Later, in the office, Josh and I have a chat. It's become our thing, these early morning heart-to-hearts. I give him the update. He responds with a few things and then pauses. Looks at me.
"You're going to be totally fine. Trust me."
I spend time sorting through a box of paperwork. Bills, taxes, etc. I make a neat stack of all of the counselling receipts. The resulting stack is thick. I find a note to myself, something that I brought into a counselling session.
"You're not going to get your needs met until you can listen to the words coming out of my mouth."
This was something that he'd said to me, over and over. Insisting that he was meeting my needs, that it was my fault that I was not feeling cared for, tended, seen, loved. I'd asked the counsellor how I could become a better listener.
I pick up the stack of receipts and the note. I carry it over to the woodstove, open the door, and shove the wad of paper into the blazing inferno. I close the door and watch it burn until there is nothing left.
I walk home from the grocery store at night. A ten-degree windchill pushes insistently at my face. I shuffle the groceries from one hand to the other, alternately tucking my free hand into its respective warm downy pocket of my coat.

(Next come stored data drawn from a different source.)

text \<open>Solving the secant relation for the secant of \<open>c\<close>, using \<open>lag t s = (c s - c t) s + c t (s - t)\<close>.\<close>
lemma secant_identities:
  assumes s: "s \<ge> 0" and t: "t \<ge> 0" and \<theta>: "\<theta> \<ge> 0"
    and sec: "c s - c t = - \<theta> * lag t s"
  shows "(c s - c t) * (1 + \<theta> * s) = - \<theta> * c t * (s - t)"
    and "\<bar>lag t s\<bar> \<le> c t * \<bar>s - t\<bar>"
proof -
  have "lag t s * (1 + \<theta> * s) = lag t s + (\<theta> * lag t s) * s"
    by (simp add: algebra_simps)
  also have "\<dots> = lag t s - (c s - c t) * s"
    using sec by simp
  also have "\<dots> = c t * (s - t)"
    unfolding lag_def by (simp add: algebra_simps)
  finally have lag: "lag t s * (1 + \<theta> * s) = c t * (s - t)" .
  have "(c s - c t) * (1 + \<theta> * s) = - \<theta> * (lag t s * (1 + \<theta> * s))"
    using sec by simp
  then show "(c s - c t) * (1 + \<theta> * s) = - \<theta> * c t * (s - t)"
    using lag by simp
  have "1 \<le> 1 + \<theta> * s" using s \<theta> by simp
  then have "\<bar>lag t s\<bar> * 1 \<le> \<bar>lag t s\<bar> * (1 + \<theta> * s)"
    by (intro mult_left_mono) auto
  also have "\<dots> = c t * \<bar>s - t\<bar>"
    using arg_cong[OF lag, of abs] c_pos[OF t] s \<theta> by (simp add: abs_mult)
  finally show "\<bar>lag t s\<bar> \<le> c t * \<bar>s - t\<bar>" by simp
qed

The mountains are again luminescent. The rhythm of sunrise, sunset, and the drifting patterns of snow. I'm walking down the middle of an unplowed road, my boots squeaking on the dry snow.
I look up and see that the moon is full. Already the moon is full again. The moon reflects so much light that it ruins my night vision, casts my shadow across the snow. I stare into it until the shadowy parts appear. Orion hovers over the mountains to the west, the hunter, my protector. Standing behind me, beside me, helping me find my way safely through this lonely forest. (Thank you, M.)
The last full moon, during the eclipse, was when I found my courage. It was a similarly cold and clear night. I realize that I've been untethered from him - emotionally - for a full month. My body cycling through a month of growth and release.
Where will I be on the next full moon?